» Dataset records:
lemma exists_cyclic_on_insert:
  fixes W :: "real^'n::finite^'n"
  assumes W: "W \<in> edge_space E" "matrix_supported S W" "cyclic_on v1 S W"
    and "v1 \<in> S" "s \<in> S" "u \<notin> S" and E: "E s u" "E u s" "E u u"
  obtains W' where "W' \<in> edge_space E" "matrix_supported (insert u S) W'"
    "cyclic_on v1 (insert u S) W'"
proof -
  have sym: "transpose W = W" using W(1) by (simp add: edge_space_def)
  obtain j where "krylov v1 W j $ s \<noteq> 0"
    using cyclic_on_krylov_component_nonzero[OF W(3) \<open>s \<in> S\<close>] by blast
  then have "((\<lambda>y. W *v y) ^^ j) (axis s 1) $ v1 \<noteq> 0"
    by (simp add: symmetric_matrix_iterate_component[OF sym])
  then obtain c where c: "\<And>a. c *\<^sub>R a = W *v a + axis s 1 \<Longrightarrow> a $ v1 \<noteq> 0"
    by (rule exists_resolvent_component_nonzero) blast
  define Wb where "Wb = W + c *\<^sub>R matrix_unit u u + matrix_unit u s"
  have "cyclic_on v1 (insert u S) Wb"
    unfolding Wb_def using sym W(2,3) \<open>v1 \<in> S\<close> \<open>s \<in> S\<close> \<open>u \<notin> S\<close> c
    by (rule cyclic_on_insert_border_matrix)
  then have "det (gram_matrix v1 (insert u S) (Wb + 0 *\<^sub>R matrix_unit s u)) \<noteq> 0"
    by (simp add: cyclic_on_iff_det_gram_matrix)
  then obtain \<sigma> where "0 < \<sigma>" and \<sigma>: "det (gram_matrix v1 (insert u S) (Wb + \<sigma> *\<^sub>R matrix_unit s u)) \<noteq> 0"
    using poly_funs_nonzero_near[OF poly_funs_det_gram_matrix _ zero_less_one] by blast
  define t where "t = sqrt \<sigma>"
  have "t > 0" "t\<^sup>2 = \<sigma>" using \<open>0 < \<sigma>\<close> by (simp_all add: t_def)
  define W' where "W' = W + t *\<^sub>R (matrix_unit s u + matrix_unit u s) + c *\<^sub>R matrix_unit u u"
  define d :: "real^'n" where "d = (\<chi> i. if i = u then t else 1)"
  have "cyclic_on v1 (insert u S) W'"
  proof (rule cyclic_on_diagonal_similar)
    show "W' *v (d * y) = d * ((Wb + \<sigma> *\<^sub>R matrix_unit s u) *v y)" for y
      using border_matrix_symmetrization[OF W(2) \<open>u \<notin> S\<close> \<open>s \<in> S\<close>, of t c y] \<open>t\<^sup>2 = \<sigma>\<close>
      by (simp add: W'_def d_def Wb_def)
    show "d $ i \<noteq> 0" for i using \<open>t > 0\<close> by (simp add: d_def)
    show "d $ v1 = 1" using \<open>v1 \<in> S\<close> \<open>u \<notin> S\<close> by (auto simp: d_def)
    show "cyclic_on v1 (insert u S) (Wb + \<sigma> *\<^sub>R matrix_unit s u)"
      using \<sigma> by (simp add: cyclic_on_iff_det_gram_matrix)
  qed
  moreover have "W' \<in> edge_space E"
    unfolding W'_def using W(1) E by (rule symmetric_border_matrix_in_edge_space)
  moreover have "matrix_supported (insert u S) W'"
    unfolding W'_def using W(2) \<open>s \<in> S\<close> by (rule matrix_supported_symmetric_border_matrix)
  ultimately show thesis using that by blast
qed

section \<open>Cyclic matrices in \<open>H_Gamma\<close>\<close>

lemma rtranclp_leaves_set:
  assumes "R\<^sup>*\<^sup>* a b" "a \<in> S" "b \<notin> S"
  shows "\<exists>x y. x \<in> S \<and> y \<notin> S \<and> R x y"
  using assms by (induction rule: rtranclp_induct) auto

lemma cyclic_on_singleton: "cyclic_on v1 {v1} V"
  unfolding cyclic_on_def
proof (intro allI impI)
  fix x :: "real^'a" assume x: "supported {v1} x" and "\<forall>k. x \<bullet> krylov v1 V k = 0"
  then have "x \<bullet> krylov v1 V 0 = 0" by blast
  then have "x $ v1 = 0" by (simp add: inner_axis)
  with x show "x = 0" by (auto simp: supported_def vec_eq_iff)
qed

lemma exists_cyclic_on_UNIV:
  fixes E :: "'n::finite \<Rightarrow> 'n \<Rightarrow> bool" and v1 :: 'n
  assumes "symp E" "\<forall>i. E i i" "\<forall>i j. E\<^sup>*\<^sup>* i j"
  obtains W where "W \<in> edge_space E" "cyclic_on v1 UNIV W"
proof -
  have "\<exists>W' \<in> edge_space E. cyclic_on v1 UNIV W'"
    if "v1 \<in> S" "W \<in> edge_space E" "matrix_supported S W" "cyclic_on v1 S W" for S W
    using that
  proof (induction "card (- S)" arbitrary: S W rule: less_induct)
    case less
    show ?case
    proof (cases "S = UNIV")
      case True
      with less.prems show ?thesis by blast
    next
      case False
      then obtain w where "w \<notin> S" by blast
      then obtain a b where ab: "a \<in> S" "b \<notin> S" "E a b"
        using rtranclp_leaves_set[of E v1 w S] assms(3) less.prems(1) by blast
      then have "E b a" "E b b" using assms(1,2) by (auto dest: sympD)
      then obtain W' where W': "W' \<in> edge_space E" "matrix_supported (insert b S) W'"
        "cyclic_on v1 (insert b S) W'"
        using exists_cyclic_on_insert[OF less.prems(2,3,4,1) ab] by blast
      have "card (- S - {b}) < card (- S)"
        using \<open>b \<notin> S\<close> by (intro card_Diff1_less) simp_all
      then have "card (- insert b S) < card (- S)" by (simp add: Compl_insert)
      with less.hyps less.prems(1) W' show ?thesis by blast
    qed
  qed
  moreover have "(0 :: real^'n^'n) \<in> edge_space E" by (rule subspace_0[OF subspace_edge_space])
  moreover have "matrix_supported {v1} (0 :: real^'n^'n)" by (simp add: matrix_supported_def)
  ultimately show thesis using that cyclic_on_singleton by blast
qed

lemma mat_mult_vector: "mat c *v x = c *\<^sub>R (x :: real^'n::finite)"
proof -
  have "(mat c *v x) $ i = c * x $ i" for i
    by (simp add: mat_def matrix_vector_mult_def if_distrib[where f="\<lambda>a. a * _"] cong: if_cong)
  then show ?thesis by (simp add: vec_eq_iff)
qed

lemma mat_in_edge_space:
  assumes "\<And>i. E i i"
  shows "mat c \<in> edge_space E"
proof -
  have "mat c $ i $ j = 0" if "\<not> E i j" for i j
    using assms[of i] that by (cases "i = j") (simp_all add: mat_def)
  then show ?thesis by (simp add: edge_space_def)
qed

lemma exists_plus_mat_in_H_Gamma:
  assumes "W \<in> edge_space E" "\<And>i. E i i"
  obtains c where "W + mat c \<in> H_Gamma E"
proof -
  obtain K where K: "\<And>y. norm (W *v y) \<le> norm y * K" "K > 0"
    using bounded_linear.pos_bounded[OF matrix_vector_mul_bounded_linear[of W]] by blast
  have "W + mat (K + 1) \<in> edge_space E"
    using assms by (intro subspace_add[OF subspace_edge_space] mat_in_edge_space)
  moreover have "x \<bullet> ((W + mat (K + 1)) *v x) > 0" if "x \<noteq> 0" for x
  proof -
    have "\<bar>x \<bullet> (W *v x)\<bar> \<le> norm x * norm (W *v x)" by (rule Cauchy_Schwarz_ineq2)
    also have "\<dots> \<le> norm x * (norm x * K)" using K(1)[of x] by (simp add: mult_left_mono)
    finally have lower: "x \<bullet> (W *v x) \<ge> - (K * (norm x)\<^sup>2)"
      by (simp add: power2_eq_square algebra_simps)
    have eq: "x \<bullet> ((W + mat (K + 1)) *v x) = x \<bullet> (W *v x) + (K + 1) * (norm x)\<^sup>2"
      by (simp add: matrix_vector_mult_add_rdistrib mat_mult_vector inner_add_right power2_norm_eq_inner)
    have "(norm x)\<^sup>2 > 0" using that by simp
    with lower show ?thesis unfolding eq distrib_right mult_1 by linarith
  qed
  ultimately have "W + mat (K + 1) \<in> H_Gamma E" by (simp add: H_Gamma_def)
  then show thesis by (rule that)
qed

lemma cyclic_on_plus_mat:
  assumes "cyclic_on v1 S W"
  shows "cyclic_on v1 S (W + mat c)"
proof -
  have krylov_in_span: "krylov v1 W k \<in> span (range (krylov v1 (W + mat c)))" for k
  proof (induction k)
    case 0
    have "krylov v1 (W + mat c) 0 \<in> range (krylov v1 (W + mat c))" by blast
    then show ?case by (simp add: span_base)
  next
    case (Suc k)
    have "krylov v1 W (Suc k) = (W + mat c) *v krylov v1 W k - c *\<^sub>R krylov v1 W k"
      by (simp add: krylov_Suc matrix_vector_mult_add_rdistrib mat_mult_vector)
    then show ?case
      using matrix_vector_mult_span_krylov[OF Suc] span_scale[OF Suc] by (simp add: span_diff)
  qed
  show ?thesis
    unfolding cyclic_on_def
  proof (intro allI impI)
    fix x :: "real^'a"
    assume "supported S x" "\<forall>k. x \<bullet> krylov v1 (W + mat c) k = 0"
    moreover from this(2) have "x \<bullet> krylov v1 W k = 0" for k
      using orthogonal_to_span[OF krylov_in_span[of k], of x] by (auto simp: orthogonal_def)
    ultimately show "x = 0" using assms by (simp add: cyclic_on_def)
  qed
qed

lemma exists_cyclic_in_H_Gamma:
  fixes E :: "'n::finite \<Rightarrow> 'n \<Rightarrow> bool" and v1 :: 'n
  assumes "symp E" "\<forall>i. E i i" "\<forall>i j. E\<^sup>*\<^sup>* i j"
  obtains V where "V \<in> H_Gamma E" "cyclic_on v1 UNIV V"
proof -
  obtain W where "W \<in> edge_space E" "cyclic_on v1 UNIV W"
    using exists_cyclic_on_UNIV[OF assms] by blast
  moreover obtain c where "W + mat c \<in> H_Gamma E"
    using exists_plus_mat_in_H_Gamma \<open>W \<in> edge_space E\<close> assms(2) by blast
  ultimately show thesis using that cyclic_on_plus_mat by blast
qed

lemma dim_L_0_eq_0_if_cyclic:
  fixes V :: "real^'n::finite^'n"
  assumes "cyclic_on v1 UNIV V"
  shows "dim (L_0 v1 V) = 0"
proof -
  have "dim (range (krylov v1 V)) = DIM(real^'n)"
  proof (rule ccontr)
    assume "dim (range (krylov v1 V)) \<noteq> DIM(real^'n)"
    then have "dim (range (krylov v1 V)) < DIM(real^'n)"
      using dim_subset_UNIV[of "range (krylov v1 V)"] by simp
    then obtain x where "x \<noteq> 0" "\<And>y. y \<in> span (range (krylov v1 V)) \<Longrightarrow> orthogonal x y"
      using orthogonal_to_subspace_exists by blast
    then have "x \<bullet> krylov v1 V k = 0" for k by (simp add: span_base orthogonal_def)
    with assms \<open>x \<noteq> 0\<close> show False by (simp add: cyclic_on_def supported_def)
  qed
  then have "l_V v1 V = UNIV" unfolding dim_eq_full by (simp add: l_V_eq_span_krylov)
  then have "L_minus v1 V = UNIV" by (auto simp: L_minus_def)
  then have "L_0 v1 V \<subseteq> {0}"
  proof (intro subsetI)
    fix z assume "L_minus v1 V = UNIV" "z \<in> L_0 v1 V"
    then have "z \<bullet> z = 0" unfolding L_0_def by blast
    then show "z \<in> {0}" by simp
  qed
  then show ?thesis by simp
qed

» Exercise requirements: Each line holding the string "forall" counts once. Work out the number of such lines in the data and give only that.

» Result for this exercise: 4